text \<open>
  Slater's condition persists for x near x0. There every feasible point is a limit of strictly
  feasible ones, strict feasibility survives small changes of x, and by strict convexity every
  feasible point on a small sphere around the unique minimizer u*(x) is strictly worse than u*(x).
  By compactness of the sphere this margin is uniform for nearby parameters, and convexity then
  traps their minimizers inside the sphere; so u* is continuous near x0, hence so is
  x \<mapsto> F(x, u*(x)), and Peano's theorem applies. Peano's theorem is proved with Euler polygons:
  by Tychonoff's theorem they have a pointwise cluster point, and the uniform continuity of the
  vector field shows that this cluster point has the right derivative.
\<close>

lemma strictly_convex_on_imp_convex_on:
  assumes "strictly_convex_on S h"
  shows "convex_on S h"
proof (rule convex_onI)
  show "convex S" using assms unfolding strictly_convex_on_def by blast
  fix t :: real and x y assume "0 < t" "t < 1" "x \<in> S" "y \<in> S"
  show "h ((1 - t) *\<^sub>R x + t *\<^sub>R y) \<le> (1 - t) * h x + t * h y"
  proof (cases "x = y")
    case True
    then show ?thesis by (simp add: algebra_simps)
  next
    case False
    then show ?thesis using assms \<open>0 < t\<close> \<open>t < 1\<close> \<open>x \<in> S\<close> \<open>y \<in> S\<close>
      unfolding strictly_convex_on_def by (simp add: less_imp_le)
  qed
qed

lemma strictly_convex_on_minimizer_less:
  assumes "strictly_convex_on S h" "convex C" "C \<subseteq> S"
    and "u \<in> C" "\<forall>w\<in>C. h u \<le> h w" "v \<in> C" "v \<noteq> u"
  shows "h u < h v"
proof -
  have strict: "h ((1 - t) *\<^sub>R x + t *\<^sub>R y) < (1 - t) * h x + t * h y"
    if "x \<in> S" "y \<in> S" "x \<noteq> y" "0 < t" "t < 1" for x y t
    using assms(1) that unfolding strictly_convex_on_def by blast
  define m where "m = (1 - 1/2) *\<^sub>R u + (1/2::real) *\<^sub>R v"
  have "m \<in> C" using assms(2,4,6) unfolding m_def by (intro convexD) auto
  then have "h u \<le> h m" using assms(5) by blast
  also have "h m < (1 - 1/2) * h u + (1/2) * h v"
    unfolding m_def using assms(3,4,6,7) by (intro strict) auto
  finally show ?thesis by simp
qed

-*-

Action item: Copy out the listing above, line by line and exactly, from its first line to the line holding "feasible ones, strict", inclusive.

Task answer:
text \<open>
  Slater's condition persists for x near x0. There every feasible point is a limit of strictly
  feasible ones, strict feasibility survives small changes of x, and by strict convexity every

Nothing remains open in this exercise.